(* Let $f$ be a real analytic function on an open neighborhood of $0\in\mathbb{R}^n$ with $f(0)=0$ and $f\not\equiv 0$. Then for every open neighborhood $\mathcal{U}$ of $0$ contained in the domain of $f$, \[ \int_{\mathcal{U}} \left|\frac{\nabla f}{f}\right|^n \, dV(x) = \infty. \] *)

theory Defs
  imports "HOL-Analysis.Analysis"
begin

definition monomial_at :: "('n::finite \<Rightarrow> nat) \<Rightarrow> real^'n \<Rightarrow> real^'n \<Rightarrow> real" where
  "monomial_at \<alpha> a x = (\<Prod>i\<in>UNIV. (x$i - a$i) ^ (\<alpha> i))"

text \<open>f is real analytic at a: on some neighbourhood of a, f is the sum of a
 convergent (absolutely, i.e. unconditionally) multivariate power series centred at a.\<close>
definition real_analytic_at :: "(real^'n::finite \<Rightarrow> real) \<Rightarrow> real^'n \<Rightarrow> bool" where
  "real_analytic_at f a \<longleftrightarrow>
     (\<exists>r>0. \<exists>c :: ('n \<Rightarrow> nat) \<Rightarrow> real.
        \<forall>x\<in>ball a r. ((\<lambda>\<alpha>. c \<alpha> * monomial_at \<alpha> a x) has_sum f x) UNIV)"

definition real_analytic_on :: "(real^'n::finite \<Rightarrow> real) \<Rightarrow> (real^'n) set \<Rightarrow> bool" where
  "real_analytic_on f D \<longleftrightarrow> (\<forall>a\<in>D. real_analytic_at f a)"

definition grad :: "(real^'n::finite \<Rightarrow> real) \<Rightarrow> real^'n \<Rightarrow> real^'n" where
  "grad f x = (\<chi> i. frechet_derivative f (at x) (axis i 1))"

end

theory Submission
  imports Defs
begin

text \<open>
  Expand \<open>f\<close> at \<open>0\<close> into homogeneous polynomials \<open>P\<^sub>j\<close> and let \<open>P\<^sub>K\<close> be the lowest nonzero
  one; \<open>K > 0\<close> because \<open>f 0 = 0\<close>. On the open cone where \<open>\<bar>P\<^sub>K x\<bar> > m \<parallel>x\<parallel>\<^sup>K\<close>, near \<open>0\<close>, the
  function \<open>f\<close> is comparable to \<open>\<parallel>x\<parallel>\<^sup>K\<close>, and by Euler's identity the radial derivative
  \<open>\<nabla>f(x) \<bullet> x\<close> is comparable to \<open>K P\<^sub>K x\<close>, hence to \<open>\<parallel>x\<parallel>\<^sup>K\<close> as well. So \<open>\<bar>\<nabla>f/f\<bar> \<ge> c / \<parallel>x\<parallel>\<close>
  there, and \<open>\<parallel>x\<parallel>\<^sup>-\<^sup>n\<close> is not integrable over a cone near the origin: dilation by \<open>2\<close>
  preserves the integral over the truncated cone, while adding a shell of positive measure.
\<close>

definition homogeneous_part :: "(('n::finite \<Rightarrow> nat) \<Rightarrow> real) \<Rightarrow> nat \<Rightarrow> real^'n \<Rightarrow> real" where
  "homogeneous_part c j h = (\<Sum>\<alpha>\<in>{\<alpha>. sum \<alpha> UNIV = j}. c \<alpha> * monomial_at \<alpha> 0 h)"

definition homogeneous_coeff_norm :: "(('n::finite \<Rightarrow> nat) \<Rightarrow> real) \<Rightarrow> nat \<Rightarrow> real" where
  "homogeneous_coeff_norm c j = (\<Sum>\<alpha>\<in>{\<alpha>. sum \<alpha> UNIV = j}. \<bar>c \<alpha>\<bar>)"

lemma finite_multi_indices_of_degree: "finite {\<alpha>::'n::finite \<Rightarrow> nat. sum \<alpha> UNIV = j}"
proof -
  have "{\<alpha>::'n \<Rightarrow> nat. sum \<alpha> UNIV = j} \<subseteq> PiE UNIV (\<lambda>_. {..j})"
    by (auto simp: PiE_def Pi_def extensional_def intro!: member_le_sum)
  moreover have "finite (PiE (UNIV::'n set) (\<lambda>_. {..j}))" by (rule finite_PiE) auto
  ultimately show ?thesis by (rule finite_subset)
qed

lemma monomial_at_shift: "monomial_at \<alpha> a (a + h) = monomial_at \<alpha> 0 h"
  by (simp add: monomial_at_def)

lemma monomial_at_scaleR: "monomial_at \<alpha> 0 (t *\<^sub>R h) = t ^ sum \<alpha> UNIV * monomial_at \<alpha> 0 h"
  by (simp add: monomial_at_def power_mult_distrib prod.distrib power_sum)

lemma monomial_at_const_vec: "monomial_at \<alpha> 0 (\<chi> i. t) = t ^ sum \<alpha> UNIV"
  by (simp add: monomial_at_def power_sum)

lemma abs_monomial_at_le: "\<bar>monomial_at \<alpha> 0 h\<bar> \<le> norm h ^ sum \<alpha> UNIV"
proof -
  have "\<bar>monomial_at \<alpha> 0 h\<bar> = (\<Prod>i\<in>UNIV. \<bar>h$i\<bar> ^ \<alpha> i)"
    by (simp add: monomial_at_def abs_prod power_abs)
  also have "\<dots> \<le> (\<Prod>i\<in>UNIV. norm h ^ \<alpha> i)"
    by (intro prod_mono conjI power_mono) (auto simp: component_le_norm_cart)
  also have "\<dots> = norm h ^ sum \<alpha> UNIV" by (simp add: power_sum)
  finally show ?thesis .
qed

lemma monomial_at_degree_one:
  assumes "sum \<alpha> (UNIV::'n::finite set) = 1"
  obtains i where "\<And>h::real^'n. monomial_at \<alpha> 0 h = h$i"
proof -
  obtain i where i: "\<alpha> i \<noteq> 0" using assms by (metis sum.neutral zero_neq_one)
  have "sum \<alpha> UNIV = \<alpha> i + sum \<alpha> (UNIV - {i})" by (simp add: sum.remove)
  then have "\<alpha> i = 1" "sum \<alpha> (UNIV - {i}) = 0" using assms i by linarith+
  then have "\<forall>k\<in>UNIV-{i}. \<alpha> k = 0" by simp
  then have "monomial_at \<alpha> 0 h = (h$i) ^ \<alpha> i" for h :: "real^'n"
    by (simp add: monomial_at_def prod.remove[of UNIV i])
  then show ?thesis using \<open>\<alpha> i = 1\<close> that by simp
qed

lemma homogeneous_part_scaleR: "homogeneous_part c j (t *\<^sub>R h) = t ^ j * homogeneous_part c j h"
  unfolding homogeneous_part_def by (simp add: monomial_at_scaleR sum_distrib_left mult_ac)

lemma homogeneous_coeff_norm_nonneg: "homogeneous_coeff_norm c j \<ge> 0"
  by (simp add: homogeneous_coeff_norm_def sum_nonneg)

lemma abs_homogeneous_part_le: "\<bar>homogeneous_part c j h\<bar> \<le> homogeneous_coeff_norm c j * norm h ^ j"
proof -
  have "\<bar>homogeneous_part c j h\<bar> \<le> (\<Sum>\<alpha>\<in>{\<alpha>. sum \<alpha> UNIV = j}. \<bar>c \<alpha>\<bar> * \<bar>monomial_at \<alpha> 0 h\<bar>)"
    unfolding homogeneous_part_def by (rule order_trans[OF sum_abs]) (simp add: abs_mult)
  also have "\<dots> \<le> (\<Sum>\<alpha>\<in>{\<alpha>. sum \<alpha> UNIV = j}. \<bar>c \<alpha>\<bar> * norm h ^ j)"
    by (intro sum_mono mult_left_mono) (auto intro: order_trans[OF abs_monomial_at_le])
  finally show ?thesis by (simp add: homogeneous_coeff_norm_def sum_distrib_right)
qed

lemma homogeneous_part_zero: "j > 0 \<Longrightarrow> homogeneous_part c j 0 = 0"
  using abs_homogeneous_part_le[of c j 0] homogeneous_coeff_norm_nonneg[of c j]
  by (simp add: zero_power)

lemma homogeneous_part_degree_zero: "homogeneous_part c 0 h = homogeneous_part c 0 0"
  using homogeneous_part_scaleR[of c 0 0 h] by simp

lemma homogeneous_part_abs_const_vec:
  "t \<ge> 0 \<Longrightarrow> homogeneous_part (\<lambda>\<alpha>. \<bar>c \<alpha>\<bar>) j (\<chi> i. t) = homogeneous_coeff_norm c j * t ^ j"
  unfolding homogeneous_part_def homogeneous_coeff_norm_def
  by (simp add: monomial_at_const_vec sum_distrib_right)

lemma continuous_on_homogeneous_part: "continuous_on UNIV (homogeneous_part c j)"
  unfolding homogeneous_part_def monomial_at_def by (intro continuous_intros)

lemma bounded_linear_homogeneous_part_one:
  fixes c :: "('n::finite \<Rightarrow> nat) \<Rightarrow> real"
  shows "bounded_linear (homogeneous_part c 1)"
proof -
  have "bounded_linear (\<lambda>h::real^'n. c \<alpha> * monomial_at \<alpha> 0 h)" if deg: "sum \<alpha> UNIV = 1" for \<alpha>
  proof -
    obtain i where i: "\<And>h::real^'n. monomial_at \<alpha> 0 h = h$i"
      by (rule monomial_at_degree_one[OF deg]) blast
    have "bounded_linear (\<lambda>h::real^'n. c \<alpha> * h$i)"
      by (intro bounded_linear_mult_right[THEN bounded_linear_compose] bounded_linear_vec_nth)
    then show ?thesis by (simp add: i)
  qed
  then show ?thesis
    unfolding homogeneous_part_def[abs_def] by (intro bounded_linear_sum) auto
qed

lemma sums_homogeneous_parts:
  assumes "((\<lambda>\<alpha>. c \<alpha> * monomial_at \<alpha> 0 h) has_sum s) UNIV"
  shows "(\<lambda>j. homogeneous_part c j h) sums s"
proof -
  let ?B = "\<lambda>j. {\<alpha>::'n \<Rightarrow> nat. sum \<alpha> UNIV = j}"
  let ?F = "\<lambda>p. c (snd p) * monomial_at (snd p) 0 h"
  have bij: "bij_betw (\<lambda>\<alpha>. (sum \<alpha> UNIV, \<alpha>)) UNIV (Sigma UNIV ?B)"
    by (rule bij_betwI[where g=snd]) auto
  have "(?F has_sum s) (Sigma UNIV ?B)"
    using assms has_sum_reindex_bij_betw[OF bij, of ?F s] by simp
  then have "((\<lambda>j. homogeneous_part c j h) has_sum s) UNIV"
  proof (rule has_sum_SigmaD)
    fix j :: nat
    show "((\<lambda>\<alpha>. ?F (j, \<alpha>)) has_sum homogeneous_part c j h) (?B j)"
      unfolding homogeneous_part_def using has_sum_finite[OF finite_multi_indices_of_degree] by simp
  qed
  then show ?thesis by (rule has_sum_imp_sums)
qed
————
The exact lines of the material above starting at the one that contains "(simp add: sum.remove)" and ending at the one that contains "(h$i) ^ \<alpha>" are what to retype; leave out everything else.

  have "sum \<alpha> UNIV = \<alpha> i + sum \<alpha> (UNIV - {i})" by (simp add: sum.remove)
  then have "\<alpha> i = 1" "sum \<alpha> (UNIV - {i}) = 0" using assms i by linarith+
  then have "\<forall>k\<in>UNIV-{i}. \<alpha> k = 0" by simp
  then have "monomial_at \<alpha> 0 h = (h$i) ^ \<alpha> i" for h :: "real^'n"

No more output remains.